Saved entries
----------
text \<open>The sum converges absolutely since \<open>|C(v,w)| \<lesssim> c(v)\<^sup>2 + c(v+w)\<^sup>2\<close>. For the lower bound
  only finitely many terms are negative, so the full sum dominates any finite partial sum containing
  them. The points \<open>(\<plusminus>n, -1)\<close> and \<open>(\<plusminus>n, 1)\<close> lie on \<open>|v|\<^sup>2 = m\<close>, giving two terms \<open>1/\<delta>\<^sup>2\<close>.
  Every negative term is \<open>\<ge> -2/|\<delta>|\<close>, and outside \<open>V\<^sub>2\<close> there are at most \<open>32 + 32 + 10\<close> of them:
  those touching the circle (\<open>r\<^sub>2(m) \<le> 32\<close>) and those with \<open>|\<langle>v,w\<rangle>|\<close> small, which must
  sit at \<open>(\<plusminus>n, y)\<close> with \<open>-3 \<le> y \<le> 1\<close>. On \<open>V\<^sub>2\<close>, \<open>S\<^sub>w(v) = C(v,w) + C(u,w)\<close> for a neighbour
  \<open>u = v \<plusminus> w\<close>; discarding the negative \<open>C(u,w)\<close>, the remaining neighbours are distinct by a
  convexity argument along the column of \<open>v\<close>, and are neither negative terms nor the two circle points.\<close>

section \<open>Summability\<close>

definition inv_one_plus_sq :: "int \<Rightarrow> real" where
  "inv_one_plus_sq a = 1 / (1 + (real_of_int a)\<^sup>2)"

lemma inv_one_plus_sq_nonneg: "inv_one_plus_sq a \<ge> 0"
  unfolding inv_one_plus_sq_def by simp

lemma summable_on_inv_one_plus_sq_nat: "(\<lambda>n::nat. inv_one_plus_sq (int n)) summable_on UNIV"
proof (rule summable_nonneg_imp_summable_on)
  show "summable (\<lambda>n::nat. inv_one_plus_sq (int n))"
  proof (rule summable_comparison_test'[where N=1])
    show "summable (\<lambda>n::nat. inverse (real n ^ 2))"
      by (rule inverse_power_summable) auto
    fix n :: nat assume "1 \<le> n"
    then show "norm (inv_one_plus_sq (int n)) \<le> inverse (real n ^ 2)"
      unfolding inv_one_plus_sq_def by (simp add: inverse_eq_divide frac_le)
  qed
qed (simp add: inv_one_plus_sq_nonneg)
lemma kernel_pair_trivial:
  fixes P Q R T :: "real mat"
  assumes P: "P \<in> carrier_mat r m" and Q: "Q \<in> carrier_mat r k"
    and R: "R \<in> carrier_mat s m" and T: "T \<in> carrier_mat s k"
    and PQ: "transpose_mat P * Q = transpose_mat R * T"
    and P_inj: "\<And>u. u \<in> carrier_vec m \<Longrightarrow> P *\<^sub>v u = 0\<^sub>v r \<Longrightarrow> u = 0\<^sub>v m"
    and Q_inj: "\<And>w. w \<in> carrier_vec k \<Longrightarrow> Q *\<^sub>v w = 0\<^sub>v r \<Longrightarrow> w = 0\<^sub>v k"
    and u: "u \<in> carrier_vec m" and w: "w \<in> carrier_vec k"
    and sum0: "P *\<^sub>v u + Q *\<^sub>v w = 0\<^sub>v r" and RT: "R *\<^sub>v u = T *\<^sub>v w"
  shows "u = 0\<^sub>v m \<and> w = 0\<^sub>v k"
proof -
  have Pu: "P *\<^sub>v u = - (Q *\<^sub>v w)"
    using add_eq_0_vec_imp_eq_uminus[OF mult_mat_vec_carrier[OF P u] mult_mat_vec_carrier[OF Q w] sum0] .
  \<comment> \<open>\<open>(Q w)\<bullet>(P u) = (T w)\<bullet>(R u)\<close> turns the two equations into \<open>-|Q w|\<^sup>2 = |R u|\<^sup>2\<close>.\<close>
  have "(Q *\<^sub>v w) \<bullet> (P *\<^sub>v u) = ((transpose_mat P * Q) *\<^sub>v w) \<bullet> u"
    using transpose_vec_mult_scalar[OF P u, of "Q *\<^sub>v w"] P Q w by simp
  also have "\<dots> = (T *\<^sub>v w) \<bullet> (R *\<^sub>v u)"
    unfolding PQ using transpose_vec_mult_scalar[OF R u, of "T *\<^sub>v w"] R T w by simp
  finally have "- ((Q *\<^sub>v w) \<bullet> (Q *\<^sub>v w)) = (R *\<^sub>v u) \<bullet> (R *\<^sub>v u)"
    unfolding Pu RT using Q w by simp
  then have "(Q *\<^sub>v w) \<bullet> (Q *\<^sub>v w) = 0"
    using scalar_prod_self_ge_0[of "Q *\<^sub>v w"] scalar_prod_self_ge_0[of "R *\<^sub>v u"] by linarith
  then have "Q *\<^sub>v w = 0\<^sub>v r" using scalar_prod_self_eq_0_iff[OF mult_mat_vec_carrier[OF Q w]] by simp
  moreover from this have "P *\<^sub>v u = 0\<^sub>v r" unfolding Pu by simp
  ultimately show ?thesis using P_inj[OF u] Q_inj[OF w] by simp
qed
(* Fix $K\in\mathbb N$ and a realization of the random basis functions. Then there exists a random sequence $(m_i)_{i\ge0}$ of sample sizes such that $\lVert\hat Q^{K,m_i,i}-\tilde Q^K\rVert_\pi\to0$ $\mathbb Q$-almost surely as $i\to\infty$.
   Context: Let $d,N\ge1$, let $X=(X_0,\dots,X_N)$ be a discrete-time Markov process with values in $\mathbb R^d$, $\mathbb Q$ the pricing measure, $\pi_n$ the law of $X_n$ under $\mathbb Q$, $\mathbb E$ expectation under $\mathbb Q$, $g:\mathbb R^d\to[0,\infty)$ a measurable payoff with $g(X_n)$ square integrable, $\alpha\in(0,1)$ the discount factor, $(E_nJ)(x):=\mathbb E[J(X_{n+1})\mid X_n=x]$, $\lVert f\rVert_{\pi_n}^2:=\int|f|^2d\pi_n$. Random basis functions: $\alpha_k\in\mathbb R^{d+1},\beta_k\in\mathbb R$ with i.i.d. standard Gaussian entries, $\phi_k(x,n):=\sigma(\alpha_k^\top(x,n)^\top+\beta_k)$, $\sigma$ a bounded activation function, $\phi_{1:K}:=(\phi_1,\dots,\phi_K)$ (row vector), $(\Phi_{K,n}\theta)(x):=\sum_{k=1}^K\theta_k\phi_k(x,n)$, $\Phi_K\theta:=(\Phi_{K,0}\theta,\dots,\Phi_{K,N-1}\theta)$. On $(L^2)^N:=L^2(\pi_0)\times\dots\times L^2(\pi_{N-1})$ use $\lVert J\rVert_\pi:=\frac1N\sum_{n=0}^{N-1}\lVert J_n\rVert_{\pi_n}$; $\Pi^KJ:=\arg\min_{\Phi_K\theta}\lVert\Phi_K\theta-J\rVert_\pi$; $H(J_0,\dots,J_{N-1}):=(\alpha E_0\max(g,J_1),\dots,\alpha E_{N-2}\max(g,J_{N-1}),\alpha E_{N-1}g)$. $\tilde Q^K=\Phi_K\theta_K^\star$ is the unique fixed point of the contraction $\Pi^KH$. Assuming $\mathbb E[\sum_{n=0}^{N-1}\phi_{1:K}^\top(X_n,n)\phi_{1:K}(X_n,n)]$ invertible, iterating $\Pi^KH$ from $\Phi_K\theta_K^0$ corresponds to the weights $\theta_K^{i+1}:=\alpha\big(\mathbb E[\sum_{n}\phi_{1:K}^\top(X_n,n)\phi_{1:K}(X_n,n)]\big)^{-1}\mathbb E[\sum_{n=0}^{N-1}\phi_{1:K}^\top(X_n,n)\max(g(X_{n+1}),(\Phi_{K,n+1}\theta_K^i)(X_{n+1}))]$ (with the $n=N-1$ term read as $g(X_N)$), and $\theta_K^i\to\theta_K^\star$. Implementable version: with i.i.d. samples $(x_0^j,\dots,x_N^j)$, $j=1,\dots,m$, of $X$ under $\mathbb Q$ fixed for all iterations, $\hat\theta^0_{K,m}:=\theta_K^0$ and $\hat\theta^{i+1}_{K,m}$ is given by the same formula with expectations replaced by sums over $j=1,\dots,m$ and $X$ by the samples $x^j$; finally $\hat Q^{K,m,i}:=\Phi_K\hat\theta^i_{K,m}$. *)

theory Defs
  imports "HOL-Probability.Probability"
begin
----------
Starting with the first line of the entries, transcribe every line up to and including the one with "Every negative term".

Problem solution:
text \<open>The sum converges absolutely since \<open>|C(v,w)| \<lesssim> c(v)\<^sup>2 + c(v+w)\<^sup>2\<close>. For the lower bound
  only finitely many terms are negative, so the full sum dominates any finite partial sum containing
  them. The points \<open>(\<plusminus>n, -1)\<close> and \<open>(\<plusminus>n, 1)\<close> lie on \<open>|v|\<^sup>2 = m\<close>, giving two terms \<open>1/\<delta>\<^sup>2\<close>.
  Every negative term is \<open>\<ge> -2/|\<delta>|\<close>, and outside \<open>V\<^sub>2\<close> there are at most \<open>32 + 32 + 10\<close> of them:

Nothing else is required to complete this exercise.